AMERICAN FORK Judy and Bill Freeland have staved off foreclosure on their home until January.
But after the first of the year, who knows?
They're hoping that by Jan. 25, the Utah County Attorney's Office will have resolved a case against a man charged with bilking them and two other victims out of nearly $300,000.
Judy Freeland was in American Fork's 4th District Court Friday morning, listening to Newton Taylor, 63, plead not guilty to 22 felonies, including being an unregistered securities agent, sale of unregistered security and communications fraud.
He is the reason she can't afford to buy her grandchildren Christmas presents this year, she says.
"I was just really bitter, angry, when he can stand up there and say not guilty," she said. "It just angers me because I'm sitting here, and he's extending his lifestyle for another month because he won't be in prison. How many more people is he going to victimize between now and then?"
Freeland met Taylor
in 2003 through a friend and thought he might be able to help them with their financial struggles, since Bill Freeland can no longer work.
Bill was diagnosed with a brain tumor in 1997 and given 10 years to live. October was the 10-year mark.
After the Deseret Morning News ran an article about the Freelands' situation with Taylor, Judy Freeland said she was inundated with phone calls from other victims who can sympathize with her.
Jeff Meiners lives in Colorado Springs, and he and his father, who lives in Bountiful, his brother, father-in-law and a few other people are out $200,000. They're not included in the current case, which has been filed for months, but they say their situation mirrors that of the Freelands.

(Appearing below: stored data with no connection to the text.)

(* Let $\varrho$ be a state on $\mathcal H_A\otimes\mathcal H_B\otimes\mathcal H_C$ with $\mathcal H_A=\mathcal H_B$, and let $F_{AB}$ be the flip operator exchanging $A$ and $B$. If $F_{AB}\,\mathrm{Tr}_C(\varrho)=\pm\mathrm{Tr}_C(\varrho)$, then $(F_{AB}\otimes\mathbb 1_C)\varrho=\pm\varrho$ (with the same sign).
   Context: $F_{AB}=\sum_{i,j}|ij\rangle\langle ji|$ on $\mathcal H_A\otimes\mathcal H_B$ (finite-dimensional Hilbert spaces). *)

theory Defs
  imports "HOL-Analysis.Analysis" "HOL-Library.Complex_Order"
begin

text \<open>Finite-dimensional Hilbert spaces are modelled as \<open>complex ^ 'i\<close> for a finite
  index type \<open>'i\<close> (an orthonormal basis); operators are matrices \<open>complex ^ 'i ^ 'i\<close>.
  The system ABC has basis index \<open>('a \<times> 'a) \<times> 'c\<close>, with H_A = H_B = \<open>complex ^ 'a\<close>.\<close>

definition positive_semidef :: "complex ^ 'n ^ 'n \<Rightarrow> bool" where
  "positive_semidef M \<longleftrightarrow>
     (\<forall>v :: complex ^ 'n. 0 \<le> (\<Sum>i\<in>UNIV. \<Sum>j\<in>UNIV. cnj (v $ i) * M $ i $ j * v $ j))"

definition mtrace :: "complex ^ 'n ^ 'n \<Rightarrow> complex" where
  "mtrace M = (\<Sum>i\<in>UNIV. M $ i $ i)"

definition is_state :: "complex ^ 'n ^ 'n \<Rightarrow> bool" where
  "is_state M \<longleftrightarrow> positive_semidef M \<and> mtrace M = 1"

definition flip :: "complex ^ ('a::finite \<times> 'a) ^ ('a \<times> 'a)" where
  "flip = (\<chi> x y. if fst x = snd y \<and> snd x = fst y then 1 else 0)"

definition tensor_op :: "complex ^ 'm::finite ^ 'm \<Rightarrow> complex ^ 'n::finite ^ 'n \<Rightarrow> complex ^ ('m \<times> 'n) ^ ('m \<times> 'n)" where
  "tensor_op A B = (\<chi> x y. A $ fst x $ fst y * B $ snd x $ snd y)"

definition ptrace2 :: "complex ^ ('m::finite \<times> 'n::finite) ^ ('m \<times> 'n) \<Rightarrow> complex ^ 'm ^ 'm" where
  "ptrace2 M = (\<chi> x y. \<Sum>k\<in>UNIV. M $ (x, k) $ (y, k))"

end

theory Submission
  imports Defs
begin

text \<open>Write \<open>G = F\<^sub>A\<^sub>B \<otimes> 1\<^sub>C\<close>. It is a Hermitian involution, so
  \<open>P = (1 - s G) / 2\<close> is an orthogonal projection, and \<open>G \<rho> = s \<rho>\<close> means exactly
  \<open>P \<rho> = 0\<close>. Taking the trace of the hypothesis gives
  \<open>tr (G \<rho>) = tr (F\<^sub>A\<^sub>B tr\<^sub>C \<rho>) = s\<close>, hence \<open>tr (P \<rho>) = (1 - s\<^sup>2) / 2 = 0\<close>.
  But \<open>tr (P \<rho>) = tr (P \<rho> P)\<close> is the sum of the nonnegative numbers
  \<open>\<langle>P e\<^sub>x, \<rho> P e\<^sub>x\<rangle>\<close>, so all of them vanish; for a positive semidefinite \<open>\<rho>\<close> this
  puts every \<open>P e\<^sub>x\<close> into the kernel of the form of \<open>\<rho>\<close>, which forces \<open>P \<rho> = 0\<close>.\<close>

definition hermitian :: "complex ^ 'n ^ 'n \<Rightarrow> bool" where
  "hermitian M \<longleftrightarrow> map_matrix cnj (transpose M) = M"

lemma hermitian_iff: "hermitian M \<longleftrightarrow> (\<forall>i j. cnj (M $ j $ i) = M $ i $ j)"
  by (simp add: hermitian_def vec_eq_iff transpose_def)

lemma hermitian_mat_1: "hermitian (mat 1)"
  by (simp add: hermitian_iff mat_def)

lemma hermitian_add: "hermitian A \<Longrightarrow> hermitian B \<Longrightarrow> hermitian (A + B)"
  by (simp add: hermitian_iff)

lemma hermitian_scaleR: "hermitian A \<Longrightarrow> hermitian (r *\<^sub>R A)"
  by (simp add: hermitian_iff)

definition sesq_form :: "complex ^ 'n ^ 'n \<Rightarrow> complex ^ 'n \<Rightarrow> complex ^ 'n \<Rightarrow> complex"
  where
  "sesq_form M v w = (\<Sum>i\<in>UNIV. \<Sum>j\<in>UNIV. cnj (v $ i) * M $ i $ j * w $ j)"

lemma positive_semidef_iff_sesq_form:
  "positive_semidef M \<longleftrightarrow> (\<forall>v. 0 \<le> sesq_form M v v)"
  by (simp add: positive_semidef_def sesq_form_def)

lemma sesq_form_eq: "sesq_form M v w = (\<Sum>i\<in>UNIV. cnj (v $ i) * (M *v w) $ i)"
  by (simp add: sesq_form_def matrix_vector_mult_def sum_distrib_left mult.assoc)

lemma sesq_form_add_scaled:
  "sesq_form M (v + t *s w) (v + t *s w) =
     sesq_form M v v + t * sesq_form M v w + cnj t * sesq_form M w v + cnj t * t * sesq_form M w w"
  by (simp add: sesq_form_def algebra_simps sum.distrib sum_distrib_left)

lemma nonneg_quadratic_imp_linear_coeff_eq_0:
  fixes a c :: real
  assumes nonneg: "\<And>r. 0 \<le> r * a + r\<^sup>2 * c"
  shows "a = 0"
proof -
  have "0 \<le> a + c" and "0 \<le> - a + c"
    using nonneg[of 1] nonneg[of "-1"] by simp_all
  show ?thesis
  proof (cases "c = 0")
    case True
    with \<open>0 \<le> a + c\<close> \<open>0 \<le> - a + c\<close> show ?thesis by simp
  next
    case False
    with \<open>0 \<le> a + c\<close> \<open>0 \<le> - a + c\<close> have "c > 0" by simp
    have "0 \<le> (- a / (2 * c)) * a + (- a / (2 * c))\<^sup>2 * c"
      by (rule nonneg)
    also have "\<dots> = - (a\<^sup>2 / (4 * c))"
      using \<open>c > 0\<close> by (simp add: field_simps power2_eq_square)
    finally show ?thesis
      using \<open>c > 0\<close> by (simp add: divide_le_0_iff)
  qed
qed

lemma complex_nonneg_quadratic_imp_linear_coeff_eq_0:
  fixes a c :: complex
  assumes nonneg: "\<And>r::real. 0 \<le> of_real r * a + of_real (r\<^sup>2) * c"
  shows "a = 0"
proof -
  have "Im a + Im c = 0" and "- Im a + Im c = 0"
    using nonneg[of 1] nonneg[of "-1"] by (simp_all add: less_eq_complex_def)
  moreover have "0 \<le> r * Re a + r\<^sup>2 * Re c" for r
    using nonneg[of r] by (simp add: less_eq_complex_def)
  then have "Re a = 0"
    by (rule nonneg_quadratic_imp_linear_coeff_eq_0)
  ultimately show ?thesis
    by (simp add: complex_eq_iff)
qed

lemma positive_semidef_sesq_form_eq_0:
  assumes "positive_semidef M" and "sesq_form M v v = 0"
  shows "sesq_form M v w = 0"
proof -
  let ?a = "sesq_form M v w" and ?b = "sesq_form M w v" and ?c = "sesq_form M w w"
  have nonneg: "0 \<le> sesq_form M (v + t *s w) (v + t *s w)" for t
    using assms(1) by (simp add: positive_semidef_iff_sesq_form)
  have "?a + ?b = 0"
  proof (rule complex_nonneg_quadratic_imp_linear_coeff_eq_0)
    show "0 \<le> of_real r * (?a + ?b) + of_real (r\<^sup>2) * ?c" for r
      using nonneg[of "of_real r"] assms(2)
      by (simp add: sesq_form_add_scaled algebra_simps power2_eq_square)
  qed
  moreover have "\<i> * (?a - ?b) = 0"
  proof (rule complex_nonneg_quadratic_imp_linear_coeff_eq_0)
    show "0 \<le> of_real r * (\<i> * (?a - ?b)) + of_real (r\<^sup>2) * ?c" for r
      using nonneg[of "\<i> * of_real r"] assms(2)
      by (simp add: sesq_form_add_scaled algebra_simps power2_eq_square)
  qed
  ultimately show ?thesis
    by (simp add: algebra_simps)
qed

lemma sesq_form_column_hermitian:
  assumes "hermitian P"
  shows "sesq_form M (column x P) w = (P ** M *v w) $ x"
proof -
  have "(P ** M *v w) $ x = (\<Sum>i\<in>UNIV. P $ x $ i * (M *v w) $ i)"
    by (simp add: matrix_vector_mul_assoc[symmetric] matrix_vector_mult_def[of P])
  with assms show ?thesis
    by (simp add: sesq_form_eq hermitian_iff column_def)
qed

lemma matrix_vector_mult_column: "A *v column x B = column x (A ** B)"
  by (simp add: vec_eq_iff matrix_vector_mult_def matrix_matrix_mult_def column_def)

lemma positive_semidef_projection_mult_eq_0:
  assumes "positive_semidef M" and "hermitian P" and "P ** P = P" and "trace (P ** M) = 0"
  shows "P ** M = 0"
proof -
  let ?q = "\<lambda>x. sesq_form M (column x P) (column x P)"
  have "?q x = (P ** M ** P) $ x $ x" for x
    unfolding sesq_form_column_hermitian[OF assms(2)] matrix_vector_mult_column
    by (simp add: column_def)
  then have "(\<Sum>x\<in>UNIV. ?q x) = trace (P ** M ** P)"
    by (simp add: trace_def)
  also have "\<dots> = trace ((P ** P) ** M)"
    by (simp add: trace_mul_sym[of "P ** M"] matrix_mul_assoc)
  finally have "(\<Sum>x\<in>UNIV. ?q x) = 0"
    using assms(3,4) by simp
  moreover have "0 \<le> ?q x" for x
    using assms(1) by (simp add: positive_semidef_iff_sesq_form)
  ultimately have "?q x = 0" for x
    by (simp add: sum_nonneg_eq_0_iff)
  then have "(P ** M *v w) $ x = 0" for x w
    using positive_semidef_sesq_form_eq_0[OF assms(1)] sesq_form_column_hermitian[OF assms(2)]
    by metis
  then show ?thesis
    by (simp add: matrix_eq vec_eq_iff)
qed

lemma matrix_add_rdistrib: "(A + B) ** C = A ** C + B ** C"
  by (vector matrix_matrix_mult_def sum.distrib[symmetric] field_simps)

lemma trace_scaleR: "trace (c *\<^sub>R A) = c *\<^sub>R trace A"
  by (simp add: trace_def scaleR_sum_right)

definition eigenproj :: "complex ^ 'n ^ 'n \<Rightarrow> real \<Rightarrow> complex ^ 'n ^ 'n" where
  "eigenproj G t = (1/2) *\<^sub>R (mat 1 + t *\<^sub>R G)"

lemma eigenproj_idem:
  assumes "G ** G = mat 1" and "t * t = 1"
  shows "eigenproj G t ** eigenproj G t = eigenproj G t"
proof -
  let ?Q = "mat 1 + t *\<^sub>R G"
  have "?Q ** G = G + t *\<^sub>R mat 1"
    using assms(1) by (simp add: matrix_add_rdistrib scalar_matrix_assoc[symmetric])
  then have "?Q ** ?Q = ?Q + t *\<^sub>R (G + t *\<^sub>R mat 1)"
    by (simp add: matrix_add_ldistrib matrix_scalar_ac scalar_matrix_assoc[symmetric])
  also have "t *\<^sub>R (G + t *\<^sub>R mat 1) = ?Q"
    using assms(2) by (simp add: scaleR_add_right add.commute)
  finally have "?Q ** ?Q = 2 *\<^sub>R ?Q"
    by (simp only: scaleR_2)
  then show ?thesis
    by (simp add: eigenproj_def matrix_scalar_ac scalar_matrix_assoc[symmetric])
qed

lemma hermitian_eigenproj: "hermitian G \<Longrightarrow> hermitian (eigenproj G t)"
  by (simp add: eigenproj_def hermitian_add hermitian_scaleR hermitian_mat_1)

lemma trace_eigenproj_mult:
  "trace (eigenproj G t ** M) = (1/2) *\<^sub>R (trace M + t *\<^sub>R trace (G ** M))"
  by (simp add: eigenproj_def scalar_matrix_assoc[symmetric] matrix_add_rdistrib trace_add trace_scaleR)

lemma eigenproj_mult_eq_0_iff:
  assumes "t * t = 1"
  shows "eigenproj G t ** M = 0 \<longleftrightarrow> G ** M = (- t) *\<^sub>R M"
proof -
  have "eigenproj G t ** M = 0 \<longleftrightarrow> M = - t *\<^sub>R (G ** M)"
    by (auto simp: eigenproj_def scalar_matrix_assoc[symmetric] matrix_add_rdistrib eq_neg_iff_add_eq_0)
  also have "\<dots> \<longleftrightarrow> G ** M = (- t) *\<^sub>R M"
  proof
    assume "M = - t *\<^sub>R (G ** M)"
    then have "t *\<^sub>R M = t *\<^sub>R (- t *\<^sub>R (G ** M))"
      by (rule arg_cong)
    also have "\<dots> = - (G ** M)"
      using assms by simp
    finally show "G ** M = (- t) *\<^sub>R M"
      by simp
  next
    assume "G ** M = (- t) *\<^sub>R M"
    with assms show "M = - t *\<^sub>R (G ** M)"
      by simp
  qed
  finally show ?thesis .
qed

lemma sum_UNIV_prod: "(\<Sum>z\<in>UNIV. f z) = (\<Sum>x\<in>UNIV. \<Sum>y\<in>UNIV. f (x, y))"
  unfolding sum.cartesian_product UNIV_Times_UNIV by simp

lemma tensor_op_mult: "tensor_op A B ** tensor_op C D = tensor_op (A ** C) (B ** D)"
  by (simp add: vec_eq_iff tensor_op_def matrix_matrix_mult_def sum_product sum_UNIV_prod mult_ac)

lemma tensor_op_mat_1: "tensor_op (mat 1) (mat 1) = mat 1"
  by (simp add: vec_eq_iff tensor_op_def mat_def prod_eq_iff)

lemma hermitian_tensor_op: "hermitian A \<Longrightarrow> hermitian B \<Longrightarrow> hermitian (tensor_op A B)"
  by (simp add: hermitian_iff tensor_op_def)

lemma flip_entry: "flip $ p $ q = (if q = prod.swap p then 1 else 0)"
  by (cases p; cases q) (auto simp: flip_def)

lemma hermitian_flip: "hermitian flip"
  by (auto simp: hermitian_iff flip_entry)

lemma flip_mult_flip: "flip ** flip = mat 1"
proof -
  have "(flip ** flip) $ p $ q = flip $ prod.swap p $ q" for p q :: "'a \<times> 'a"
    by (simp add: matrix_matrix_mult_def flip_entry[of p] if_distrib[of "\<lambda>x. x * _"] cong: if_cong)
  then show ?thesis
    by (simp add: vec_eq_iff flip_entry mat_def)
qed

lemma trace_ptrace2: "trace (ptrace2 M) = trace M"
  by (simp add: trace_def ptrace2_def sum_UNIV_prod)

lemma tensor_op_mat_1_mult_entry:
  "(tensor_op A (mat 1) ** M) $ (p, k) $ y = (\<Sum>q\<in>UNIV. A $ p $ q * M $ (q, k) $ y)"
  by (simp add: matrix_matrix_mult_def tensor_op_def mat_def sum_UNIV_prod
      if_distrib[of "\<lambda>x. _ * x * _"] cong: if_cong)

lemma trace_tensor_op_mat_1_mult: "trace (tensor_op A (mat 1) ** M) = trace (A ** ptrace2 M)"
proof -
  have "trace (tensor_op A (mat 1) ** M) =
      (\<Sum>p\<in>UNIV. \<Sum>k\<in>UNIV. \<Sum>q\<in>UNIV. A $ p $ q * M $ (q, k) $ (p, k))"
    by (simp add: trace_def tensor_op_mat_1_mult_entry sum_UNIV_prod)
  also have "\<dots> = (\<Sum>p\<in>UNIV. \<Sum>q\<in>UNIV. \<Sum>k\<in>UNIV. A $ p $ q * M $ (q, k) $ (p, k))"
    by (intro sum.cong refl sum.swap)
  also have "\<dots> = trace (A ** ptrace2 M)"
    by (simp add: trace_def matrix_matrix_mult_def ptrace2_def sum_distrib_left)
  finally show ?thesis .
qed

lemma mtrace_eq_trace: "mtrace = trace"
  by (simp add: fun_eq_iff mtrace_def trace_def)

theorem mainTheorem5:
  fixes rho :: "complex ^ (('a::finite \<times> 'a) \<times> 'c::finite) ^ (('a \<times> 'a) \<times> 'c)"
    and s :: real
  assumes "is_state rho"
    and "s = 1 \<or> s = -1"
    and "flip ** ptrace2 rho = s *\<^sub>R ptrace2 rho"
  shows "tensor_op flip (mat 1 :: complex ^ 'c ^ 'c) ** rho = s *\<^sub>R rho"
proof -
  define G :: "complex ^ (('a \<times> 'a) \<times> 'c) ^ (('a \<times> 'a) \<times> 'c)"
    where "G = tensor_op flip (mat 1)"
  have psd: "positive_semidef rho" and tr: "trace rho = 1"
    using assms(1) by (simp_all add: is_state_def mtrace_eq_trace)
  have s2: "(- s) * (- s) = 1"
    using assms(2) by auto
  have inv: "G ** G = mat 1"
    by (simp add: G_def tensor_op_mult flip_mult_flip tensor_op_mat_1)
  have herm: "hermitian G"
    by (simp add: G_def hermitian_tensor_op hermitian_flip hermitian_mat_1)
  have "trace (G ** rho) = s *\<^sub>R trace rho"
    by (simp add: G_def trace_tensor_op_mat_1_mult assms(3) trace_scaleR trace_ptrace2)
  then have "trace (eigenproj G (- s) ** rho) = 0"
    using s2 tr by (simp add: trace_eigenproj_mult scaleR_conv_of_real flip: of_real_mult)
  then have "eigenproj G (- s) ** rho = 0"
    by (rule positive_semidef_projection_mult_eq_0
        [OF psd hermitian_eigenproj[OF herm] eigenproj_idem[OF inv s2]])
  then show ?thesis
    using s2 by (simp add: G_def eigenproj_mult_eq_0_iff)
qed

end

Promised high returns from a new company, the Meiners say they wrote personal checks to Taylor, who gave them promissory notes to be repaid by the end of June 2007.
"Of course he never paid us," Jeff Meiners said. "He continued to put it off and off and off, always had seemingly good stories."

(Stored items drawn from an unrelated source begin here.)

lemma forest_depths_grafted_at_node:
  assumes cut: "cs \<in> cuts (deg u)" and inc: "fs \<in> incmaps t (length cs)" and j: "j < nnodes t"
  defines "E \<equiv> forest_depths (children u)"
  shows "forest_depths (concat (map (\<lambda>l. if node t (fs ! l) = postorder t ! j
                                           then children (block u cs l) else []) [0..<length cs]))
       = concat (map (\<lambda>(c, f, lo). if f = 1 + j then rel_depths None (drop lo (take c E)) else [])
                     (zip cs (zip fs (0 # cs))))"
    (is "forest_depths (concat ?g) = concat ?s")
proof -
  have lfs: "length fs = length cs" and fsr: "set fs \<subseteq> {1..nnodes t}"
    using inc by (auto simp: incmaps_def)
  have node_eq: "node t (fs ! l) = postorder t ! j \<longleftrightarrow> fs ! l = 1 + j" if "l < length cs" for l
  proof -
    have "fs ! l \<in> {1..nnodes t}" using fsr that lfs by (metis nth_mem subsetD)
    then show ?thesis
      using j distinct_postorder[of t] by (auto simp: node_def length_postorder nth_eq_iff_index_eq)
  qed
  have "forest_depths (concat ?g)
      = concat (map (\<lambda>l. if fs ! l = 1 + j
                          then rel_depths None (drop ((0 # cs) ! l) (take (cs ! l) E)) else [])
                    [0..<length cs])"
    unfolding forest_depths_concat map_map
    by (rule arg_cong[where f = concat], rule map_cong)
      (auto simp: node_eq forest_depths_block[OF cut] E_def)
  also have "\<dots> = concat ?s"
    by (rule arg_cong[where f = concat], rule nth_equalityI) (auto simp: lfs)
  finally show ?thesis .
qed

lemma depths_hash_comp:
  assumes ks: "ks \<in> compositions (nnodes t) (deg u)" and u: "0 < deg u"
  shows "depths (hash_comp t ks u) = hash_depths (depths t) (forest_depths (children u)) ks"
proof -
  define E where "E = forest_depths (children u)"
  define m where "m = nnodes t"
  obtain cs fs where cf: "partition_of_comp 1 0 ks = (cs, fs)" by fastforce
  have cut: "cs \<in> cuts (deg u)" and inc: "fs \<in> incmaps t (length cs)"
    using bij_betw_apply[OF bij_betw_partition_of_comp[OF u, of t] ks] cf by auto
  define g where "g = (\<lambda>p. concat (map (\<lambda>l.
      if node t (fs ! l) = p then children (block u cs l) else []) [0..<length cs]))"
  have "depths (hash_comp t ks u)
      = concat (map (\<lambda>q. map ((+) (length q)) (forest_depths (g q)) @ [length q]) (postorder t))"
    unfolding hash_comp_def cf by (simp add: hash_def g_def depths_graft)
  also have "\<dots> = concat (map (\<lambda>j. map ((+) (length (postorder t ! j)))
        (forest_depths (g (postorder t ! j))) @ [length (postorder t ! j)]) [0..<m])"
    by (subst map_nth[of "postorder t", symmetric]) (simp add: m_def comp_def length_postorder)
  also have "\<dots> = concat (map (\<lambda>j. map ((+) (depths t ! j))
      (concat (map (\<lambda>(c, f, lo). if f = 1 + j then rel_depths None (drop lo (take c E)) else [])
                   (zip cs (zip fs (0 # cs))))) @ [depths t ! j]) [0..<m])"
    unfolding g_def E_def
    by (rule arg_cong[where f = concat], rule map_cong)
      (simp_all add: forest_depths_grafted_at_node[OF cut inc] m_def depths_def length_postorder)
  also have "\<dots> = hash_depths (depths t) (drop 0 E) ks"
    using hash_depths_partition_of_comp[of "depths t" ks 0 E 1] cf ks
    by (simp add: m_def compositions_def length_depths)
  finally show ?thesis by (simp add: E_def)
qed

section \<open>Reading depth sequences backwards\<close>

fun rev_rel_depths :: "nat option \<Rightarrow> nat list \<Rightarrow> nat list" where
  "rev_rel_depths c [] = []"
| "rev_rel_depths c (e # es) = (e + 1 - min_opt c e) # rev_rel_depths (Some (min_opt c e)) es"

lemma rev_rel_depths: "rev (rel_depths c xs) = rev_rel_depths c (rev xs)"
proof (induction xs arbitrary: c rule: rev_induct)
  case (snoc x xs)
  then show ?case by (simp add: rel_depths_append)
qed simp

text \<open>Reversed depth sequence of a hash product, produced by merging the reversed sequences
  \<open>D\<close> of \<open>t\<close> and \<open>E\<close> of the children of \<open>u\<close> as directed by a word: \<open>False\<close> takes the next node
  of \<open>t\<close>, \<open>True\<close> the next node of \<open>u\<close>, which is grafted below the last node taken from \<open>t\<close>.
  The state holds the depth of that node and the minimal depth met since then.\<close>
fun merge_depths :: "nat \<times> nat option \<Rightarrow> bool list \<Rightarrow> nat list \<Rightarrow> nat list \<Rightarrow> nat list" where
  "merge_depths st (False # w) (d # D) E = d # merge_depths (d, None) w D E"
| "merge_depths (a, mn) (True # w) D (e # E) =
     (a + 1 + e - min_opt mn e) # merge_depths (a, Some (min_opt mn e)) w D E"
| "merge_depths _ _ _ _ = []"

lemma merge_depths_replicate_True:
  "length X = k \<Longrightarrow> merge_depths (d, mn) (replicate k True) [] X = map ((+) d) (rev_rel_depths mn X)"
proof (induction X arbitrary: k mn)
  case (Cons e X)
  then show ?case using min_opt_le[of mn e] by (cases k) auto
qed simp

lemma merge_depths_append:
  "length (filter Not w1) = length D1 \<Longrightarrow> length (filter id w1) = length E1 \<Longrightarrow>
   w2 = [] \<or> hd w2 = False \<Longrightarrow>
   merge_depths st (w1 @ w2) (D1 @ D2) (E1 @ E2)
     = merge_depths st w1 D1 E1 @ merge_depths st' w2 D2 E2"
proof (induction w1 arbitrary: st D1 E1)
  case Nil
  then show ?case by (cases w2; cases D2) auto
next
  case (Cons b w1)
  obtain a mn where st: "st = (a, mn)" by fastforce
  show ?case
  proof (cases b)
    case True
    then obtain e E1' where "E1 = e # E1'" using Cons.prems by (cases E1) auto
    then show ?thesis using Cons True st by simp
  next
    case False
    then obtain d D1' where "D1 = d # D1'" using Cons.prems by (cases D1) auto
    then show ?thesis using Cons False st by simp
  qed
qed

definition comp_word :: "nat list \<Rightarrow> bool list" where
  "comp_word ks = concat (map (\<lambda>k. replicate k True @ [False]) ks)"

lemma comp_word_Nil [simp]: "comp_word [] = []"
  and comp_word_Cons [simp]: "comp_word (k # ks) = replicate k True @ False # comp_word ks"
  by (auto simp: comp_word_def)

lemma comp_word_counts:
  "length (filter Not (comp_word ks)) = length ks"
  "length (filter id (comp_word ks)) = sum_list ks"
  by (induction ks) auto

lemma rev_hash_depths:
  "length D = length ks \<Longrightarrow> length E = sum_list ks \<Longrightarrow>
   rev (hash_depths D E ks) = merge_depths st (rev (comp_word ks)) (rev D) (rev E)"
proof (induction ks arbitrary: D E st rule: rev_induct)
  case Nil then show ?case by simp
next
  case (snoc k ks)
  obtain D' d where D: "D = D' @ [d]" using snoc.prems by (cases D rule: rev_cases) auto
  define E1 where "E1 = take (sum_list ks) E"
  define E2 where "E2 = drop (sum_list ks) E"
  have E: "E = E1 @ E2" "length E1 = sum_list ks" "length E2 = k"
    using snoc.prems by (auto simp: E1_def E2_def)
  have snoc_hash_depths: "hash_depths (D' @ [d]) (E1 @ E2) (ks @ [k])
      = hash_depths D' E1 ks @ map ((+) d) (rel_depths None E2) @ [d]"
    if "length D' = length ks" "length E1 = sum_list ks" "length E2 = k" for D' E1 E2 d
    using that by (induction D' E1 ks rule: hash_depths.induct) auto
  have "rev (hash_depths D E (ks @ [k]))
      = d # map ((+) d) (rev (rel_depths None E2)) @ rev (hash_depths D' E1 ks)"
    using snoc_hash_depths[of D' E1 E2 d] D E snoc.prems by (simp add: rev_map)
  also have "\<dots> = merge_depths st (False # replicate k True) [d] (rev E2)
                  @ merge_depths st (rev (comp_word ks)) (rev D') (rev E1)"
    using snoc.IH[of D' E1 st] D E snoc.prems merge_depths_replicate_True[of "rev E2" k d None]
    by (simp add: rev_rel_depths)
  also have "\<dots> = merge_depths st (rev (comp_word (ks @ [k]))) (rev D) (rev E)"
  proof -
    have "rev (comp_word (ks @ [k])) = (False # replicate k True) @ rev (comp_word ks)"
      by (simp add: comp_word_def)
    moreover have "rev (comp_word ks) = [] \<or> hd (rev (comp_word ks)) = False"
      by (cases ks rule: rev_cases) (auto simp: comp_word_def)
    ultimately show ?thesis
      using merge_depths_append[of "False # replicate k True" "[d]" "rev E2" "rev (comp_word ks)" st
          "rev D'" "rev E1" st] D E
      by simp
  qed
  finally show ?case .
qed

lemma
  assumes "ks \<in> compositions (nnodes t) (deg u)" "0 < deg u"
  shows rev_depths_hash_comp: "rev (depths (hash_comp t ks u))
            = merge_depths st (rev (comp_word ks)) (rev (depths t))
                (rev (forest_depths (children u)))"
    and nnodes_hash_comp: "nnodes (hash_comp t ks u) = nnodes t + deg u"
proof -
  have len: "length (depths t) = length ks" "length (forest_depths (children u)) = sum_list ks"
    using assms(1) by (auto simp: compositions_def length_depths deg_eq_length_forest_depths)
  then show "rev (depths (hash_comp t ks u))
      = merge_depths st (rev (comp_word ks)) (rev (depths t)) (rev (forest_depths (children u)))"
    using rev_hash_depths depths_hash_comp[OF assms] by simp
  show "nnodes (hash_comp t ks u) = nnodes t + deg u"
    using length_hash_depths[OF len] depths_hash_comp[OF assms] length_depths[of "hash_comp t ks u"]
      length_depths[of t] assms(1)
    by (simp add: compositions_def)
qed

Prosecutor Chad Grunander said he is prepared to go to trial if needed but is hopeful the case can be resolved without a trial.
"Our biggest interest is trying to make the victims whole as soon as we can," he said. "We're hopeful that by the 25th we can resolve the case. But we were very clear in court that if it doesn't resolve, we will be asking for a jury trial date to really push the case forward."
That same hope was expressed by Taylor's attorney.
"We think we're close to a resolution that involves payment of substantial parts of the restitution," said defense attorney John Easton. "We look forward to a fair resolution, and we believe everyone will be satisfied."
The next court hearing will be Jan. 25 at 9 a.m.
Freeland said she frequently asks other victims how Taylor appeared to them when they first met. Their responses?"He was the guy that was going to save us."